# WORK INSTRUCTIONS
Tally the lines below that contain the word "alpha", and give only that number.

----- DATA PROVIDED

lemma assoc_subalgebra_add_one:
  assumes "assoc_subalgebra M"
  shows "assoc_subalgebra {s + c *\<^sub>R one4A | s c. s \<in> M}" (is "assoc_subalgebra ?T")
proof -
  note sub = assoc_subalgebraD(1)[OF assms] and closed = assoc_subalgebraD(2)[OF assms]
    and assoc = assoc_subalgebraD(3)[OF assms]
  have "?T = {x + y | x y. x \<in> M \<and> y \<in> span {one4A}}"
    by (auto simp: span_singleton)
  then have "subspace ?T"
    using subspace_sums[OF sub subspace_span] by simp
  moreover have "mult x y \<in> ?T" if xy: "x \<in> ?T" "y \<in> ?T" for x y
  proof -
    obtain s c s' c' where "s \<in> M" "s' \<in> M" "x = s + c *\<^sub>R one4A" "y = s' + c' *\<^sub>R one4A"
      using xy by blast
    moreover have "mult (s + c *\<^sub>R one4A) (s' + c' *\<^sub>R one4A)
        = (mult s s' + c' *\<^sub>R s + c *\<^sub>R s') + (c * c') *\<^sub>R one4A"
      by (simp add: mult_add_left mult_add_right mult_scaleR_left mult_scaleR_right algebra_simps)
    moreover have "mult s s' + c' *\<^sub>R s + c *\<^sub>R s' \<in> M" if "s \<in> M" "s' \<in> M"
      using that closed sub by (intro subspace_add subspace_scale) simp_all
    ultimately show ?thesis by blast
  qed
  moreover have "mult (mult x y) z = mult x (mult y z)" if xyz: "x \<in> ?T" "y \<in> ?T" "z \<in> ?T" for x y z
  proof -
    obtain s1 c1 s2 c2 s3 c3 where "s1 \<in> M" "s2 \<in> M" "s3 \<in> M"
      and "x = s1 + c1 *\<^sub>R one4A" "y = s2 + c2 *\<^sub>R one4A" "z = s3 + c3 *\<^sub>R one4A"
      using xyz by blast
    then show ?thesis
      using assoc[of s1 s2 s3]
      by (simp add: mult_add_left mult_add_right mult_scaleR_left mult_scaleR_right
          scaleR_add_right add_ac)
  qed
  ultimately show ?thesis
    unfolding assoc_subalgebra_def subalgebra_def by blast
qed

lemma one_in_max_assoc:
  assumes "max_assoc_subalgebra M"
  shows "one4A \<in> M"
proof -
  have M: "assoc_subalgebra M"
    using assms unfolding max_assoc_subalgebra_def by blast
  let ?T = "{s + c *\<^sub>R one4A | s c. s \<in> M}"
  have "M \<subseteq> ?T"
    by (force intro: exI[of _ 0])
  then have "?T = M"
    using assms assoc_subalgebra_add_one[OF M] unfolding max_assoc_subalgebra_def by blast
  moreover have "one4A \<in> ?T"
    using subspace_0[OF assoc_subalgebraD(1)[OF M]] by (force intro: exI[of _ 0] exI[of _ 1])
  ultimately show ?thesis by simp
qed

lemma axis_notin_span_one: "e b \<notin> span {one4A}" if "b \<noteq> Vv"
proof
  assume "e b \<in> span {one4A}"
  then obtain c where "e b = c *\<^sub>R one4A"
    by (auto simp: span_singleton)
  then have "(e b)$A0 = (e b)$A1"
    by simp
  moreover have "(e b)$A2 = (e b)$A3"
    using \<open>e b = c *\<^sub>R one4A\<close> by simp
  ultimately show False
    using that by (cases b) simp_all
qed

lemma alg02_not_in_plane: "\<not> alg02 \<subseteq> span {one4A, y}"
proof
  assume "alg02 \<subseteq> span {one4A, y}"
  then have "alg02 \<subseteq> span {one4A, e A0}"
    using plane_exchange axes_in_alg02(1) axis_notin_span_one by blast
  then obtain \<alpha> \<beta> where eq: "e A2 = \<alpha> *\<^sub>R one4A + \<beta> *\<^sub>R e A0"
    using axes_in_alg02(2) in_span_pair_iff by blast
  have "(e A2)$A1 = (\<alpha> *\<^sub>R one4A + \<beta> *\<^sub>R e A0)$A1" "(e A2)$A2 = (\<alpha> *\<^sub>R one4A + \<beta> *\<^sub>R e A0)$A2"
    by (simp_all only: eq)
  then show False by simp
qed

----------

# ANSWER SECTION
2